What kind of RPM and feed speed represents top-flight performance for modern CNC equipment? February 20, 2011

Question
I was talking to a German fellow the other day who has spent many years running CNC's. He is currently working for a company which has a Weeke CNC, and he was telling me that he runs a triple flute compression bit at 24000 rpm with a travel speed of 25 meters/min. He said it cuts like butter. I was thinking of giving it a try, but was wondering what others thought or how many are doing this.

Forum Responses
(CNC Forum)
From contributor I:
25 meters per minutes translates to about 985 inches per minute. It might be possible depending on the tool geometry. There are tooling vendors out there that have claimed even higher possible cutting rates. When evaluating a claim of cutting speeds, one has to determine if the speed being referred to is programmed speed or actual achieved speed.

Depending on the part sizes and the acceleration/deceleration rates of the machine, the programmed speed may be rarely or never actually achieved. A couple of sheets of nested drawer box parts may cut fine, whereas a couple of pantry gables could burn your tool out.



From contributor K:
I have cut on a Homag machine at 40 meters per min. It is amazing what quality machines and tooling can do.


From contributor F:
On my Thermwood I have cut 3/4" plywood at 1200 IPM with a 3/8" two flute compression bit turning 18000 rpm. It actually cut quite well, however you are going to get more tool deflection. This was for large curved framing parts so the machine easily got to the 1200 ipm.



From contributor M:
Speed is a funny thing. I have cut over 2000 IPM, but standard feeds for me are between 175 IPM and 1200 IPM. Why the big difference? It depends on the tooling capability and material being cut. The other consideration is the acceleration and deceleration of the machine. It takes space to attain speed and slow for corners, or direction change. Unless you have a long arc, or straight line, top speeds never happen on most machines. Everybody likes to see how fast we can go, but going flat out, day in and day out just doesn't happen very much, if at all.


From contributor Y:
I am new to CNC and have owned our Weeke (Homag) for about two months. At first I was running 15m/min. The good folks here at WOODWEB have helped me with chip load and feeds and rpm. I am currently running with great success a 1/2" compression two flute at 21-22 m/min at18000 rpm in 3/4" material (one pass not stepped).
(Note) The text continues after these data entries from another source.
(* Let $w$ be a word and let $v_x, v_y$ be vertices of $G(w)$ with $\mathrm{dist}(v_x, v_y) = d$. Let $\chi_i$ denote the index of the $i$-th occurrence of $x$ in $w$ and $\gamma_j$ the index of the $j$-th occurrence of $y$ in $w$. Then for every $i$ such that $\gamma_i$ exists: if $\chi_{i-d}$ exists then $\chi_{i-d} \le \gamma_i$, and if $\chi_{i+d}$ exists then $\gamma_i \le \chi_{i+d}$.
   Context: For a set of symbols $\mathcal S$, $\pi_{\mathcal S}(w)$ is the subsequence of $w$ consisting of all occurrences of symbols in $\mathcal S$. Symbols $x,y$ alternate in $w$ if $\pi_{\{x,y\}}(w) \in \{(xy)^k, (xy)^kx, (yx)^k, (yx)^ky : k \ge 0\}$. $G(w)$ has one vertex $v_a$ per symbol $a$ of the alphabet and undirected edge $(v_x,v_y)$ iff $x\neq y$ alternate in $w$; $\mathrm{dist}$ is the shortest-path distance in $G(w)$. *)

theory Defs
  imports Main "HOL-Library.Extended_Nat"
begin

definition proj :: "'a set \<Rightarrow> 'a list \<Rightarrow> 'a list" where
  "proj S w = filter (\<lambda>c. c \<in> S) w"

definition altpow :: "'a \<Rightarrow> 'a \<Rightarrow> nat \<Rightarrow> 'a list" where
  "altpow x y k = concat (replicate k [x, y])"

definition alternate :: "'a list \<Rightarrow> 'a \<Rightarrow> 'a \<Rightarrow> bool" where
  "alternate w x y \<longleftrightarrow> (\<exists>k. proj {x, y} w \<in>
     {altpow x y k, altpow x y k @ [x], altpow y x k, altpow y x k @ [y]})"

text \<open>Edge relation of the alternation graph G(w) over the alphabet \<Sigma>
  (vertices are identified with the symbols of \<Sigma>).\<close>
definition alt_edge :: "'a set \<Rightarrow> 'a list \<Rightarrow> 'a \<Rightarrow> 'a \<Rightarrow> bool" where
  "alt_edge \<Sigma> w x y \<longleftrightarrow> x \<in> \<Sigma> \<and> y \<in> \<Sigma> \<and> x \<noteq> y \<and> alternate w x y"

definition alt_walk :: "'a set \<Rightarrow> 'a list \<Rightarrow> 'a \<Rightarrow> 'a \<Rightarrow> nat \<Rightarrow> bool" where
  "alt_walk \<Sigma> w x y n \<longleftrightarrow> (\<exists>ps. length ps = Suc n \<and> hd ps = x \<and> last ps = y \<and>
      set ps \<subseteq> \<Sigma> \<and> (\<forall>i<n. alt_edge \<Sigma> w (ps ! i) (ps ! Suc i)))"

definition alt_dist :: "'a set \<Rightarrow> 'a list \<Rightarrow> 'a \<Rightarrow> 'a \<Rightarrow> enat" where
  "alt_dist \<Sigma> w x y = (if \<exists>n. alt_walk \<Sigma> w x y n
      then enat (LEAST n. alt_walk \<Sigma> w x y n) else \<infinity>)"

text \<open>Positions (0-based) of the occurrences of x in w, in increasing order;
  the i-th occurrence (1-based) is at position occs w x ! (i - 1).\<close>
definition occs :: "'a list \<Rightarrow> 'a \<Rightarrow> nat list" where
  "occs w x = filter (\<lambda>p. w ! p = x) [0..<length w]"

end

theory Submission
  imports Defs
begin

text \<open>Consecutive vertices of a walk alternate in \<open>w\<close>, so in every prefix of \<open>w\<close> their numbers
  of occurrences differ by at most one; along a walk of length \<open>d\<close> from \<open>x\<close> to \<open>y\<close> the counts of
  \<open>x\<close> and \<open>y\<close> in every prefix therefore differ by at most \<open>d\<close>. The prefix ending at the \<open>i\<close>-th
  \<open>y\<close> contains at least \<open>i - d\<close> occurrences of \<open>x\<close>, and the prefix ending at the \<open>(i + d)\<close>-th \<open>x\<close>
  contains at least \<open>i\<close> occurrences of \<open>y\<close>.\<close>

lemma altpow_Suc_snoc: "altpow a b (Suc k) = altpow a b k @ [a, b]"
  by (simp add: altpow_def replicate_append_same[symmetric])

lemma count_list_prefix_altpow:
  assumes "u @ z = altpow a b k"
  shows "\<bar>int (count_list u a) - int (count_list u b)\<bar> \<le> 1"
  using assms
proof (induction k arbitrary: u)
  case 0
  then show ?case by (simp add: altpow_def)
next
  case (Suc k)
  then have "u @ z = a # b # altpow a b k" by (simp add: altpow_def)
  then consider "u = []" | "u = [a]" | u' where "u = a # b # u'" "u' @ z = altpow a b k"
    by (auto simp: append_eq_Cons_conv Cons_eq_append_conv)
  then show ?case
  proof cases
    case 3
    with Suc.IH[of u'] show ?thesis by auto
  qed auto
qed

lemma count_list_proj: "a \<in> S \<Longrightarrow> count_list (proj S u) a = count_list u a"
  by (induction u) (auto simp: proj_def)

lemma alternate_imp_prefix_altpow:
  assumes "alternate w a b"
  shows "\<exists>k z. proj {a, b} w @ z = altpow a b k \<or> proj {a, b} w @ z = altpow b a k"
proof -
  from assms obtain k where
    "proj {a, b} w \<in> {altpow a b k, altpow a b k @ [a], altpow b a k, altpow b a k @ [b]}"
    unfolding alternate_def by blast
  then show ?thesis
    by (auto simp: altpow_Suc_snoc intro!: exI[of _ "Suc k"])
qed

lemma alternate_count_list_take:
  assumes "alternate w a b"
  shows "\<bar>int (count_list (take t w) a) - int (count_list (take t w) b)\<bar> \<le> 1"
proof -
  let ?u = "proj {a, b} (take t w)"
  have "proj {a, b} w = ?u @ proj {a, b} (drop t w)"
    by (metis append_take_drop_id filter_append proj_def)
  with alternate_imp_prefix_altpow[OF assms] obtain k z
    where "?u @ z = altpow a b k \<or> ?u @ z = altpow b a k"
    by (metis append.assoc)
  then have "\<bar>int (count_list ?u a) - int (count_list ?u b)\<bar> \<le> 1"
    using count_list_prefix_altpow by fastforce
  then show ?thesis by (simp add: count_list_proj)
qed

lemma alt_walk_count_list_take:
  assumes "alt_walk \<Sigma> w x y n"
  shows "\<bar>int (count_list (take t w) x) - int (count_list (take t w) y)\<bar> \<le> int n"
proof -
  let ?c = "\<lambda>a. int (count_list (take t w) a)"
  from assms obtain ps where ps: "length ps = Suc n" "hd ps = x" "last ps = y"
    "\<forall>i<n. alt_edge \<Sigma> w (ps ! i) (ps ! Suc i)" unfolding alt_walk_def by blast
  have "\<bar>?c (ps ! 0) - ?c (ps ! k)\<bar> \<le> int k" if "k \<le> n" for k
    using that
  proof (induction k)
    case (Suc k)
    then have "alternate w (ps ! k) (ps ! Suc k)" using ps(4) by (simp add: alt_edge_def)
    with Suc show ?case using alternate_count_list_take[of w "ps ! k" "ps ! Suc k" t] by auto
  qed simp
  moreover have "ps \<noteq> []" using ps(1) by auto
  then have "ps ! 0 = x" "ps ! n = y" using ps by (simp_all add: hd_conv_nth last_conv_nth)
  ultimately show ?thesis by fastforce
qed

lemma alt_walk_of_alt_dist: "alt_dist \<Sigma> w x y = enat d \<Longrightarrow> alt_walk \<Sigma> w x y d"
  unfolding alt_dist_def by (auto split: if_splits intro: LeastI_ex)

lemma count_list_take_occs: "count_list (take t w) x = length (filter (\<lambda>p. p < t) (occs w x))"
  unfolding count_list_eq_length_filter occs_def filter_filter length_filter_conv_card
  by (auto intro!: arg_cong[where f = card])

lemma sorted_nth_less_iff_length_filter:
  fixes L :: "'a::linorder list"
  assumes "sorted L" "j < length L"
  shows "L ! j < t \<longleftrightarrow> j < length (filter (\<lambda>p. p < t) L)"
  using assms
proof (induction L arbitrary: j)
  case (Cons a L)
  show ?case
  proof (cases "a < t")
    case True
    with Cons show ?thesis by (cases j) auto
  next
    case False
    with Cons.prems have "\<forall>p \<in> set (a # L). \<not> p < t"
      by (auto simp: not_less intro: order_trans)
    moreover have "(a # L) ! j \<in> set (a # L)" using Cons.prems(2) by (rule nth_mem)
    ultimately show ?thesis by (metis filter_empty_conv length_0_conv not_less_zero)
  qed
qed simp

lemma occs_nth_less_iff:
  assumes "j < length (occs w x)"
  shows "occs w x ! j < t \<longleftrightarrow> j < count_list (take t w) x"
proof -
  have "sorted (occs w x)" by (simp add: occs_def sorted_filter[where f = id, simplified])
  with assms show ?thesis by (simp add: count_list_take_occs sorted_nth_less_iff_length_filter)
qed

theorem lemma7:
  fixes \<Sigma> :: "'a set" and w :: "'a list" and x y :: 'a and d i :: nat
  assumes "set w \<subseteq> \<Sigma>" and "x \<in> \<Sigma>" and "y \<in> \<Sigma>"
    and "alt_dist \<Sigma> w x y = enat d"
    and "1 \<le> i" and "i \<le> length (occs w y)"
  shows "(d < i \<and> i - d \<le> length (occs w x) \<longrightarrow>
            occs w x ! (i - d - 1) \<le> occs w y ! (i - 1))
       \<and> (i + d \<le> length (occs w x) \<longrightarrow>
            occs w y ! (i - 1) \<le> occs w x ! (i + d - 1))"
proof -
  have diff: "\<bar>int (count_list (take t w) x) - int (count_list (take t w) y)\<bar> \<le> int d" for t
    using alt_walk_count_list_take[OF alt_walk_of_alt_dist[OF assms(4)]] .
  show ?thesis
  proof (intro conjI impI)
    assume x_exists: "d < i \<and> i - d \<le> length (occs w x)"
    let ?t = "Suc (occs w y ! (i - 1))"
    have "i - 1 < length (occs w y)" using assms(5,6) by linarith
    from occs_nth_less_iff[OF this, of ?t] have "i - 1 < count_list (take ?t w) y" by blast
    then have "i - d - 1 < count_list (take ?t w) x" using diff[of ?t] x_exists by linarith
    moreover have "i - d - 1 < length (occs w x)" using x_exists by linarith
    ultimately have "occs w x ! (i - d - 1) < ?t" by (simp only: occs_nth_less_iff)
    then show "occs w x ! (i - d - 1) \<le> occs w y ! (i - 1)" by simp
  next
    assume x_exists: "i + d \<le> length (occs w x)"
    let ?t = "Suc (occs w x ! (i + d - 1))"
    have "i + d - 1 < length (occs w x)" using assms(5) x_exists by linarith
    from occs_nth_less_iff[OF this, of ?t] have "i + d - 1 < count_list (take ?t w) x" by blast
    then have "i - 1 < count_list (take ?t w) y" using diff[of ?t] assms(5) by linarith
    moreover have "i - 1 < length (occs w y)" using assms(5,6) by linarith
    ultimately have "occs w y ! (i - 1) < ?t" by (simp only: occs_nth_less_iff)
    then show "occs w y ! (i - 1) \<le> occs w x ! (i + d - 1)" by simp
  qed
qed

end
This is the actual cutting speed achieved. I can watch the feed speed as it is cutting and it drops for a very short period at corners. The ramp up speed (acceleration) on my machine is fast, the tech who installed it actually slowed it down he said I didn't need it so fast. I have a three flute I am waiting to try and will start cutting with it over 30 m/min. It's so fast I needed to hire guys just to keep up with its output. It runs maybe 20% of the day on average.